Scroll untuk baca artikel
Example floating
Example floating
Example 728x250
FeatureKolom

Haus Validasi

×

Haus Validasi

Sebarkan artikel ini
Example 468x60

Oleh: Muhammad Aufal Fresky*)

Sepertinya saya harus mengakui dan menyatakan dengan seterang-terangnya bahwa memang benar fenomena “haus validasi” sudah menyasar semua kalangan. Bisa jadi, sebagian dari kita sudah terpapar, entah berapa persen kadarnya. Disadari atau tidak, masifnya penggunaan media sosial (medsos), seperti Instagram, Facebook, X, dan semacamnya, juga mendorong kita untuk juga berbondong-bondong menunjukkan diri kepada dunia. Segala hal yang menyangkut pemikiran, prestasi, kendaraan, rumah pribadi, aset, karir, dan bahkan keluarga juga diposting di medsos hanya untuk mendapatkan pengakuan dari orang lain.

Example 300x600

Menampilkan citra diri sebagai sosok yang unik, hebat, istimewa, dan “the best” semacam menjadi kepuasan tersendiri. Padahal, belum tentu juga netizen peduli dengan segala apa yang kita tampilkan. Entah itu berupa teks, gambar, audio, atau video. Bahkan, bisa jadi menimbulkan iri, dengki, dan kecemburuan sosial bagi yang melihat postingan-postingan kita. Sebab, kita pun tak kuasa untuk mengontrol persepsi orang lain.

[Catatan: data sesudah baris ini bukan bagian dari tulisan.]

text \<open>Operators on (C^2)^{\<otimes> n} as matrices indexed by the computational basis F2vec n.\<close>
type_synonym qop = "(nat \<Rightarrow> bool) \<Rightarrow> (nat \<Rightarrow> bool) \<Rightarrow> complex"

definition mmul :: "nat \<Rightarrow> qop \<Rightarrow> qop \<Rightarrow> qop" where
  "mmul n A B = (\<lambda>x z. \<Sum>y\<in>F2vec n. A x y * B y z)"

definition mtrace :: "nat \<Rightarrow> qop \<Rightarrow> complex" where
  "mtrace n A = (\<Sum>x\<in>F2vec n. A x x)"

definition idop :: qop where
  "idop = (\<lambda>x z. if x = z then 1 else 0)"

definition Xop :: "(nat \<Rightarrow> bool) \<Rightarrow> qop" where
  "Xop y = (\<lambda>x z. if x = vadd z y then 1 else 0)"

definition Zop :: "nat \<Rightarrow> (nat \<Rightarrow> bool) \<Rightarrow> qop" where
  "Zop n y = (\<lambda>x z. if x = z then (if dot n y z then -1 else 1) else 0)"

definition ham_X :: "(nat \<Rightarrow> bool) list \<Rightarrow> qop" where
  "ham_X HX = (\<lambda>x z. (1 / of_nat (length HX)) * (\<Sum>y\<leftarrow>HX. (idop x z - Xop y x z) / 2))"

definition ham_Z :: "nat \<Rightarrow> (nat \<Rightarrow> bool) list \<Rightarrow> qop" where
  "ham_Z n HZ = (\<lambda>x z. (1 / of_nat (length HZ)) * (\<Sum>y\<leftarrow>HZ. (idop x z - Zop n y x z) / 2))"

definition code_ham :: "nat \<Rightarrow> (nat \<Rightarrow> bool) list \<Rightarrow> (nat \<Rightarrow> bool) list \<Rightarrow> qop" where
  "code_ham n HX HZ = (\<lambda>x z. (ham_X HX x z + ham_Z n HZ x z) / 2)"

definition density :: "nat \<Rightarrow> qop \<Rightarrow> bool" where
  "density n \<rho> \<longleftrightarrow>
     (\<forall>x\<in>F2vec n. \<forall>z\<in>F2vec n. \<rho> x z = cnj (\<rho> z x)) \<and>
     (\<forall>v :: (nat \<Rightarrow> bool) \<Rightarrow> complex.
        0 \<le> Re (\<Sum>x\<in>F2vec n. \<Sum>z\<in>F2vec n. cnj (v x) * \<rho> x z * v z)) \<and>
     mtrace n \<rho> = 1"

definition born :: "nat \<Rightarrow> qop \<Rightarrow> ((nat \<Rightarrow> bool) \<Rightarrow> complex) \<Rightarrow> real" where
  "born n \<rho> v = Re (\<Sum>x\<in>F2vec n. \<Sum>z\<in>F2vec n. cnj (v x) * \<rho> x z * v z)"

definition comp_vec :: "(nat \<Rightarrow> bool) \<Rightarrow> (nat \<Rightarrow> bool) \<Rightarrow> complex" where
  "comp_vec x = (\<lambda>z. if z = x then 1 else 0)"

definition had_vec :: "nat \<Rightarrow> (nat \<Rightarrow> bool) \<Rightarrow> (nat \<Rightarrow> bool) \<Rightarrow> complex" where
  "had_vec n x = (\<lambda>z. (if dot n x z then -1 else 1) / of_real (sqrt (2 ^ n)))"

definition D_Z :: "nat \<Rightarrow> qop \<Rightarrow> (nat \<Rightarrow> bool) \<Rightarrow> real" where
  "D_Z n \<rho> x = born n \<rho> (comp_vec x)"

definition D_X :: "nat \<Rightarrow> qop \<Rightarrow> (nat \<Rightarrow> bool) \<Rightarrow> real" where
  "D_X n \<rho> x = born n \<rho> (had_vec n x)"

text \<open>(mu,delta)-spread distribution D on F_2^n; D(S) = sum over S.
  dis(S0,S1) >= delta n is written pointwise (both sets are nonempty since D(S_i) >= mu > 0).\<close>
definition spread :: "nat \<Rightarrow> ((nat \<Rightarrow> bool) \<Rightarrow> real) \<Rightarrow> real \<Rightarrow> real \<Rightarrow> bool" where
  "spread n D \<mu> \<delta> \<longleftrightarrow>
     (\<exists>S0 S1. S0 \<subseteq> F2vec n \<and> S1 \<subseteq> F2vec n \<and>
        sum D S0 \<ge> \<mu> \<and> sum D S1 \<ge> \<mu> \<and> S0 \<noteq> {} \<and> S1 \<noteq> {} \<and>
        (\<forall>s\<in>S0. \<forall>t\<in>S1. real (hw n (vadd s t)) \<ge> \<delta> * real n))"

end

theory Submission
  imports Defs
begin

text \<open>Suppose neither distribution is spread. Low energy puts all but \<open>0.004\<close> of the mass of \<open>D\<^sub>X\<close>
  and of \<open>D\<^sub>Z\<close> on strings of small syndrome (Markov), and clustering at twice the syndrome scale
  partitions these strings into clusters at mutual distance \<open>\<ge> c\<^sub>2n\<close>, so each distribution has a single
  cluster of mass \<open>> 0.956\<close>. Differences inside the \<open>Z\<close>-cluster \<open>A\<close> are never nontrivial logical
  operators, so, for an \<open>X\<close>-logical operator \<open>v\<close>, the Hadamard-basis weights of \<open>\<rho>\<close> restricted to \<open>A\<close>
  summed over the \<open>X\<close>-cluster \<open>B\<close> do not change when \<open>B\<close> is translated by \<open>v\<close>; the part of \<open>\<rho>\<close>
  outside \<open>A\<close> has weight \<open>< 0.044\<close>. Hence \<open>B + v\<close> keeps \<open>D\<^sub>X\<close>-mass \<open>\<ge> 0.02\<close>, while it lies at
  distance \<open>\<ge> c\<^sub>2n\<close> from \<open>B\<close>: \<open>D\<^sub>X\<close> is spread after all.\<close>

section \<open>Vectors over \<open>F\<^sub>2\<close> and characters\<close>

definition vzero :: "nat \<Rightarrow> bool" where
  "vzero = (\<lambda>_. False)"

lemma vzero_F2vec [simp]: "vzero \<in> F2vec n"
  by (simp add: F2vec_def vzero_def)

lemma vadd_F2vec [simp]: "x \<in> F2vec n \<Longrightarrow> y \<in> F2vec n \<Longrightarrow> vadd x y \<in> F2vec n"
  by (auto simp: F2vec_def vadd_def)

lemma vadd_commute: "vadd x y = vadd y x"
  by (auto simp: vadd_def)

lemma vadd_vzero [simp]: "vadd x vzero = x" "vadd vzero x = x"
  by (auto simp: vadd_def vzero_def)

lemma vadd_self [simp]: "vadd x x = vzero"
  by (auto simp: vadd_def vzero_def)

lemma vadd_cancel [simp]: "vadd (vadd x y) y = x" "vadd y (vadd y x) = x"
  by (auto simp: vadd_def)

lemma vadd_vadd_swap: "vadd (vadd a b) (vadd c d) = vadd (vadd a c) (vadd b d)"
  by (auto simp: vadd_def fun_eq_iff)

lemma inj_on_vadd: "inj_on (\<lambda>x. vadd x v) B"
  by (rule inj_onI) (metis vadd_cancel(1))

lemma F2vec_eq_image_Pow: "F2vec n = (\<lambda>S i. i \<in> S) ` Pow {..<n}"
proof (rule set_eqI, rule iffI)
  fix y assume "y \<in> F2vec n"
  then have "y = (\<lambda>i. i \<in> {i. y i})" "{i. y i} \<in> Pow {..<n}"
    by (auto simp: F2vec_def) (meson not_le)
  then show "y \<in> (\<lambda>S i. i \<in> S) ` Pow {..<n}" by blast
qed (auto simp: F2vec_def)

lemma finite_F2vec [simp]: "finite (F2vec n)"
  by (simp add: F2vec_eq_image_Pow)

lemma card_F2vec: "card (F2vec n) = 2 ^ n"
proof -
  have "inj_on (\<lambda>S i. i \<in> S) (Pow {..<n})"
    by (rule inj_onI) (auto simp: fun_eq_iff)
  then show ?thesis by (simp add: F2vec_eq_image_Pow card_image card_Pow)
qed

lemma dot_commute: "dot n x y = dot n y x"
  unfolding dot_def by (simp add: conj_commute)

lemma odd_card_symdiff:
  assumes "finite A" "finite B"
  shows "odd (card ((A - B) \<union> (B - A))) \<longleftrightarrow> odd (card A) \<noteq> odd (card B)"
proof -
  have "card ((A - B) \<union> (B - A)) = card (A - B) + card (B - A)"
    by (rule card_Un_disjoint) (use assms in auto)
  moreover have "card A = card (A - B) + card (A \<inter> B)" "card B = card (B - A) + card (A \<inter> B)"
    using card_Int_Diff[OF assms(1), of B] card_Int_Diff[OF assms(2), of A] by (simp_all add: Int_commute)
  ultimately show ?thesis by auto
qed

lemma dot_vadd_left: "dot n (vadd a b) c \<longleftrightarrow> dot n a c \<noteq> dot n b c"
proof -
  let ?A = "{i. i < n \<and> a i \<and> c i}" and ?B = "{i. i < n \<and> b i \<and> c i}"
  have "{i. i < n \<and> vadd a b i \<and> c i} = (?A - ?B) \<union> (?B - ?A)"
    by (auto simp: vadd_def)
  then show ?thesis
    unfolding dot_def using odd_card_symdiff[of ?A ?B] by simp
qed

lemma dot_vadd_right: "dot n c (vadd a b) \<longleftrightarrow> dot n c a \<noteq> dot n c b"
  using dot_vadd_left dot_commute by metis

lemma dot_vzero [simp]: "\<not> dot n vzero c" "\<not> dot n c vzero"
  by (auto simp: dot_def vzero_def)

lemma hw_vzero [simp]: "hw n vzero = 0"
  by (simp add: hw_def vzero_def)

lemma hw_le: "hw n y \<le> n"
  unfolding hw_def using card_mono[of "{..<n}" "{i. i < n \<and> y i}"] by auto

lemma hw_vadd_le: "hw n (vadd a b) \<le> hw n a + hw n b"
proof -
  have "{i. i < n \<and> vadd a b i} \<subseteq> {i. i < n \<and> a i} \<union> {i. i < n \<and> b i}"
    by (auto simp: vadd_def)
  then have "hw n (vadd a b) \<le> card ({i. i < n \<and> a i} \<union> {i. i < n \<and> b i})"
    unfolding hw_def by (rule card_mono[rotated]) auto
  also have "\<dots> \<le> hw n a + hw n b"
    unfolding hw_def by (rule card_Un_le)
  finally show ?thesis .
qed

lemma hw_pos:
  assumes "y \<in> F2vec n" "y \<noteq> vzero"
  shows "0 < hw n y"
proof -
  obtain i where "y i" using assms(2) by (auto simp: vzero_def)
  moreover from assms(1) have "y i \<Longrightarrow> i < n" unfolding F2vec_def by (metis mem_Collect_eq not_le)
  ultimately have "{i. i < n \<and> y i} \<noteq> {}" by blast
  then show ?thesis by (simp add: hw_def card_gt_0_iff)
qed

definition sign_of :: "bool \<Rightarrow> complex" where
  "sign_of b = (if b then -1 else 1)"

lemma sign_of_mult: "sign_of a * sign_of b = sign_of (a \<noteq> b)"
  by (auto simp: sign_of_def)

lemma cnj_sign_of [simp]: "cnj (sign_of a) = sign_of a"
  by (auto simp: sign_of_def)

lemma sum_eq_0_by_involution:
  fixes f :: "'a \<Rightarrow> 'b :: real_vector"
  assumes "\<And>x. x \<in> B \<Longrightarrow> g x \<in> B" "\<And>x. x \<in> B \<Longrightarrow> g (g x) = x"
    and "\<And>x. x \<in> B \<Longrightarrow> f (g x) = - f x"
  shows "sum f B = 0"
proof -
  have "bij_betw g B B"
    by (rule bij_betw_byWitness[where f'=g]) (use assms in auto)
  then have "(\<Sum>x\<in>B. f (g x)) = sum f B" by (rule sum.reindex_bij_betw)
  moreover have "(\<Sum>x\<in>B. f (g x)) = - sum f B"
    using assms(3) by (simp add: sum_negf)
  ultimately have "sum f B + sum f B = 0" by (metis add.right_inverse)
  then have "(2::real) *\<^sub>R sum f B = 0" by (simp add: scaleR_2)
  then show ?thesis by simp
qed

Ali bin Abi Thalib, salah satu sahabat Nabi, pernah mengatakan, “Tidak perlu menjelaskan tentang dirimu kepada siapa pun. Karena yang menyukaimu tidak membutuhkan itu. Dan yang membencimu tidak akan mempercayai itu.” Rasa-rasanya, pernyataan beliau menjadi cambukan sekaligus pengingat yang cukup relevan di era digital sekarang. Era di mana, sebagian dari kita berlomba-lomba untuk mendapatkan apresiasi, tepuk tangan, dan sanjungan atas segala pencapaian diri. Sebenarnya sah-sah saja mengisi postingan medsos dengan ragam kegiatan, pencapaian, dan apapun itu. Hanya saja yang patut digarisbawahi adalah ketika kita terus menerus mendambakan like, komen, dan share dari orang lain.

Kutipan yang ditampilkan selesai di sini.